*Your goal*: All of the data below should be returned exactly.

(Saved entries)
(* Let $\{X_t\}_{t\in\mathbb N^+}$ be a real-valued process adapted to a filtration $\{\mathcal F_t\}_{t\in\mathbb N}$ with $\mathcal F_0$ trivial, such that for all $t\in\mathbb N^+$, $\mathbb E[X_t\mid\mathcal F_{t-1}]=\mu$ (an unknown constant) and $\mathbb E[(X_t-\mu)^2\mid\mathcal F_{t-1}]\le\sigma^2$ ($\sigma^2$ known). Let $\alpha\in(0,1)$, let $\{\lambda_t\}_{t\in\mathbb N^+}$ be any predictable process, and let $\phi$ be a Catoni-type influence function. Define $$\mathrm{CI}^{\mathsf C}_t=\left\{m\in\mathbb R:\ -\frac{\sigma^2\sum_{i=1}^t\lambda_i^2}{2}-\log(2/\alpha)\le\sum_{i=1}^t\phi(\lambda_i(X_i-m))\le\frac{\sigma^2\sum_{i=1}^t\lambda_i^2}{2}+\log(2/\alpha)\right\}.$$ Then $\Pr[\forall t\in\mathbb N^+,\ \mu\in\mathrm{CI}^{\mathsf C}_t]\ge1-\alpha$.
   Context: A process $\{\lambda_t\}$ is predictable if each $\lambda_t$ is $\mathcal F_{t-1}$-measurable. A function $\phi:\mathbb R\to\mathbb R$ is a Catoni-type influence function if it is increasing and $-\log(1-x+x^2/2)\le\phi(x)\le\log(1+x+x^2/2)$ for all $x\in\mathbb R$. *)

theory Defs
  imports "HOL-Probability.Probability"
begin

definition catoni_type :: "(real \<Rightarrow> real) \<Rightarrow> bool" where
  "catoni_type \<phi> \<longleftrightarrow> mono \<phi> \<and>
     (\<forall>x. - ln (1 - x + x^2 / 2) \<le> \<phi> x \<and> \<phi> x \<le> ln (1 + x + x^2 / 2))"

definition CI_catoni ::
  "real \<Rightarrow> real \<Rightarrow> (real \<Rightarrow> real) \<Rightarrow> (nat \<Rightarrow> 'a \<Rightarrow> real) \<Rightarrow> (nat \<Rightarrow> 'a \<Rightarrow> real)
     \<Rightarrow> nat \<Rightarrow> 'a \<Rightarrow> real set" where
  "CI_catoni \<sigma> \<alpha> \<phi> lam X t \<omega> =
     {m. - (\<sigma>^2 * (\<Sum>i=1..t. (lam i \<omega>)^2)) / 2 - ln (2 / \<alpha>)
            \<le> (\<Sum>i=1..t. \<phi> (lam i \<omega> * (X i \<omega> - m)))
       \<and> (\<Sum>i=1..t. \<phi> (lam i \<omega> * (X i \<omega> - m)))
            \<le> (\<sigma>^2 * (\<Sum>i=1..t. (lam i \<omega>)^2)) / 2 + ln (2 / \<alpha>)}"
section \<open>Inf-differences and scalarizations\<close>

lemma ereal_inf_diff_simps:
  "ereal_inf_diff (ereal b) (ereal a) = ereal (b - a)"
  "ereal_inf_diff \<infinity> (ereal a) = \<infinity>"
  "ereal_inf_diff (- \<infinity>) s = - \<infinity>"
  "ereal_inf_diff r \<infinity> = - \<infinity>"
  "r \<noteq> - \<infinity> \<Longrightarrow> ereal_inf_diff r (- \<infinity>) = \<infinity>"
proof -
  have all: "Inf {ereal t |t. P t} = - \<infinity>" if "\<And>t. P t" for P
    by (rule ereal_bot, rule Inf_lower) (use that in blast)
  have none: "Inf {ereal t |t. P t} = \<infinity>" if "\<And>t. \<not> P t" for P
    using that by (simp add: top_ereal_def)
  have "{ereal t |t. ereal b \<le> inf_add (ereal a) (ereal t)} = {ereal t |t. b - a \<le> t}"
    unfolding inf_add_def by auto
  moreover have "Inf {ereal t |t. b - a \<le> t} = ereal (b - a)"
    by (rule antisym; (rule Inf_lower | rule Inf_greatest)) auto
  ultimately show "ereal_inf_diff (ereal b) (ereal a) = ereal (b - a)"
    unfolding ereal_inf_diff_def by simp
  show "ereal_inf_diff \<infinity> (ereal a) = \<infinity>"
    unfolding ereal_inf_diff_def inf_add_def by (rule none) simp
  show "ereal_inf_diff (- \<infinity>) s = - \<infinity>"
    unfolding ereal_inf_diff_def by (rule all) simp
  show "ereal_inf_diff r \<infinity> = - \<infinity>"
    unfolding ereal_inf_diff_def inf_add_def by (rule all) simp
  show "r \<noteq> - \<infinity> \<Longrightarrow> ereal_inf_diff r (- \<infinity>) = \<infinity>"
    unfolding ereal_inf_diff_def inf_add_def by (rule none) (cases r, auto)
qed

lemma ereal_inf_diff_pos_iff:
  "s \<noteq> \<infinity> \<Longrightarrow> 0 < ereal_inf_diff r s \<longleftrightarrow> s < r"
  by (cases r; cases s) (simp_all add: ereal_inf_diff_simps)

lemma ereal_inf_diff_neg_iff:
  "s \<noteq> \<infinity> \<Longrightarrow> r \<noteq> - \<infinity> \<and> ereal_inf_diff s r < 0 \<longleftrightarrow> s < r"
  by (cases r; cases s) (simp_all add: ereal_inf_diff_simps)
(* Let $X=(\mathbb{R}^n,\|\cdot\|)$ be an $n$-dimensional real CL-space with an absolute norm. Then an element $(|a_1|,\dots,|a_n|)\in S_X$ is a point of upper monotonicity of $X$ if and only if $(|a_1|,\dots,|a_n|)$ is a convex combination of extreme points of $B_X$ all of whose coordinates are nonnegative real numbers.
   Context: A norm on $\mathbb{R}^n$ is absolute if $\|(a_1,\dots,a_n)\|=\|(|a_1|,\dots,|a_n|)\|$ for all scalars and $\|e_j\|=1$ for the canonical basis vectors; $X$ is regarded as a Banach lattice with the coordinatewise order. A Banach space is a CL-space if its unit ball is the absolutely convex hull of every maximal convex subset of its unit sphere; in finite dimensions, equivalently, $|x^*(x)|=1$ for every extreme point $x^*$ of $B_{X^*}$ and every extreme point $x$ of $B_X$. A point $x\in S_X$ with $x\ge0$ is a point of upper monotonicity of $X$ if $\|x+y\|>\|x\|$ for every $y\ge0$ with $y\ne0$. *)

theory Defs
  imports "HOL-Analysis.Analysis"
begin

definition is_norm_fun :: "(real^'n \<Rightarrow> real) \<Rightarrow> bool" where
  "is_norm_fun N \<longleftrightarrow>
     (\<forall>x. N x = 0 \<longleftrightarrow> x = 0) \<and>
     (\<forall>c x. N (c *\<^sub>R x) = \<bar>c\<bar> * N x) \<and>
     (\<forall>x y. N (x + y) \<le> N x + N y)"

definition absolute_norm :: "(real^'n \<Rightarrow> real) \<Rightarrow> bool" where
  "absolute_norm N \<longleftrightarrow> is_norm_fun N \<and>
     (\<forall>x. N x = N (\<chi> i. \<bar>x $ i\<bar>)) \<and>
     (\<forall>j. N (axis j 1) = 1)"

*Response to the task*:
(* Let $\{X_t\}_{t\in\mathbb N^+}$ be a real-valued process adapted to a filtration $\{\mathcal F_t\}_{t\in\mathbb N}$ with $\mathcal F_0$ trivial, such that for all $t\in\mathbb N^+$, $\mathbb E[X_t\mid\mathcal F_{t-1}]=\mu$ (an unknown constant) and $\mathbb E[(X_t-\mu)^2\mid\mathcal F_{t-1}]\le\sigma^2$ ($\sigma^2$ known). Let $\alpha\in(0,1)$, let $\{\lambda_t\}_{t\in\mathbb N^+}$ be any predictable process, and let $\phi$ be a Catoni-type influence function. Define $$\mathrm{CI}^{\mathsf C}_t=\left\{m\in\mathbb R:\ -\frac{\sigma^2\sum_{i=1}^t\lambda_i^2}{2}-\log(2/\alpha)\le\sum_{i=1}^t\phi(\lambda_i(X_i-m))\le\frac{\sigma^2\sum_{i=1}^t\lambda_i^2}{2}+\log(2/\alpha)\right\}.$$ Then $\Pr[\forall t\in\mathbb N^+,\ \mu\in\mathrm{CI}^{\mathsf C}_t]\ge1-\alpha$.
   Context: A process $\{\lambda_t\}$ is predictable if each $\lambda_t$ is $\mathcal F_{t-1}$-measurable. A function $\phi:\mathbb R\to\mathbb R$ is a Catoni-type influence function if it is increasing and $-\log(1-x+x^2/2)\le\phi(x)\le\log(1+x+x^2/2)$ for all $x\in\mathbb R$. *)

theory Defs
  imports "HOL-Probability.Probability"
begin

definition catoni_type :: "(real \<Rightarrow> real) \<Rightarrow> bool" where
  "catoni_type \<phi> \<longleftrightarrow> mono \<phi> \<and>
     (\<forall>x. - ln (1 - x + x^2 / 2) \<le> \<phi> x \<and> \<phi> x \<le> ln (1 + x + x^2 / 2))"

definition CI_catoni ::
  "real \<Rightarrow> real \<Rightarrow> (real \<Rightarrow> real) \<Rightarrow> (nat \<Rightarrow> 'a \<Rightarrow> real) \<Rightarrow> (nat \<Rightarrow> 'a \<Rightarrow> real)
     \<Rightarrow> nat \<Rightarrow> 'a \<Rightarrow> real set" where
  "CI_catoni \<sigma> \<alpha> \<phi> lam X t \<omega> =
     {m. - (\<sigma>^2 * (\<Sum>i=1..t. (lam i \<omega>)^2)) / 2 - ln (2 / \<alpha>)
            \<le> (\<Sum>i=1..t. \<phi> (lam i \<omega> * (X i \<omega> - m)))
       \<and> (\<Sum>i=1..t. \<phi> (lam i \<omega> * (X i \<omega> - m)))
            \<le> (\<sigma>^2 * (\<Sum>i=1..t. (lam i \<omega>)^2)) / 2 + ln (2 / \<alpha>)}"
section \<open>Inf-differences and scalarizations\<close>

lemma ereal_inf_diff_simps:
  "ereal_inf_diff (ereal b) (ereal a) = ereal (b - a)"
  "ereal_inf_diff \<infinity> (ereal a) = \<infinity>"
  "ereal_inf_diff (- \<infinity>) s = - \<infinity>"
  "ereal_inf_diff r \<infinity> = - \<infinity>"
  "r \<noteq> - \<infinity> \<Longrightarrow> ereal_inf_diff r (- \<infinity>) = \<infinity>"
proof -
  have all: "Inf {ereal t |t. P t} = - \<infinity>" if "\<And>t. P t" for P
    by (rule ereal_bot, rule Inf_lower) (use that in blast)
  have none: "Inf {ereal t |t. P t} = \<infinity>" if "\<And>t. \<not> P t" for P
    using that by (simp add: top_ereal_def)
  have "{ereal t |t. ereal b \<le> inf_add (ereal a) (ereal t)} = {ereal t |t. b - a \<le> t}"
    unfolding inf_add_def by auto
  moreover have "Inf {ereal t |t. b - a \<le> t} = ereal (b - a)"
    by (rule antisym; (rule Inf_lower | rule Inf_greatest)) auto
  ultimately show "ereal_inf_diff (ereal b) (ereal a) = ereal (b - a)"
    unfolding ereal_inf_diff_def by simp
  show "ereal_inf_diff \<infinity> (ereal a) = \<infinity>"
    unfolding ereal_inf_diff_def inf_add_def by (rule none) simp
  show "ereal_inf_diff (- \<infinity>) s = - \<infinity>"
    unfolding ereal_inf_diff_def by (rule all) simp
  show "ereal_inf_diff r \<infinity> = - \<infinity>"
    unfolding ereal_inf_diff_def inf_add_def by (rule all) simp
  show "r \<noteq> - \<infinity> \<Longrightarrow> ereal_inf_diff r (- \<infinity>) = \<infinity>"
    unfolding ereal_inf_diff_def inf_add_def by (rule none) (cases r, auto)
qed

lemma ereal_inf_diff_pos_iff:
  "s \<noteq> \<infinity> \<Longrightarrow> 0 < ereal_inf_diff r s \<longleftrightarrow> s < r"
  by (cases r; cases s) (simp_all add: ereal_inf_diff_simps)

lemma ereal_inf_diff_neg_iff:
  "s \<noteq> \<infinity> \<Longrightarrow> r \<noteq> - \<infinity> \<and> ereal_inf_diff s r < 0 \<longleftrightarrow> s < r"
  by (cases r; cases s) (simp_all add: ereal_inf_diff_simps)
(* Let $X=(\mathbb{R}^n,\|\cdot\|)$ be an $n$-dimensional real CL-space with an absolute norm. Then an element $(|a_1|,\dots,|a_n|)\in S_X$ is a point of upper monotonicity of $X$ if and only if $(|a_1|,\dots,|a_n|)$ is a convex combination of extreme points of $B_X$ all of whose coordinates are nonnegative real numbers.
   Context: A norm on $\mathbb{R}^n$ is absolute if $\|(a_1,\dots,a_n)\|=\|(|a_1|,\dots,|a_n|)\|$ for all scalars and $\|e_j\|=1$ for the canonical basis vectors; $X$ is regarded as a Banach lattice with the coordinatewise order. A Banach space is a CL-space if its unit ball is the absolutely convex hull of every maximal convex subset of its unit sphere; in finite dimensions, equivalently, $|x^*(x)|=1$ for every extreme point $x^*$ of $B_{X^*}$ and every extreme point $x$ of $B_X$. A point $x\in S_X$ with $x\ge0$ is a point of upper monotonicity of $X$ if $\|x+y\|>\|x\|$ for every $y\ge0$ with $y\ne0$. *)

theory Defs
  imports "HOL-Analysis.Analysis"
begin

definition is_norm_fun :: "(real^'n \<Rightarrow> real) \<Rightarrow> bool" where
  "is_norm_fun N \<longleftrightarrow>
     (\<forall>x. N x = 0 \<longleftrightarrow> x = 0) \<and>
     (\<forall>c x. N (c *\<^sub>R x) = \<bar>c\<bar> * N x) \<and>
     (\<forall>x y. N (x + y) \<le> N x + N y)"

definition absolute_norm :: "(real^'n \<Rightarrow> real) \<Rightarrow> bool" where
  "absolute_norm N \<longleftrightarrow> is_norm_fun N \<and>
     (\<forall>x. N x = N (\<chi> i. \<bar>x $ i\<bar>)) \<and>
     (\<forall>j. N (axis j 1) = 1)"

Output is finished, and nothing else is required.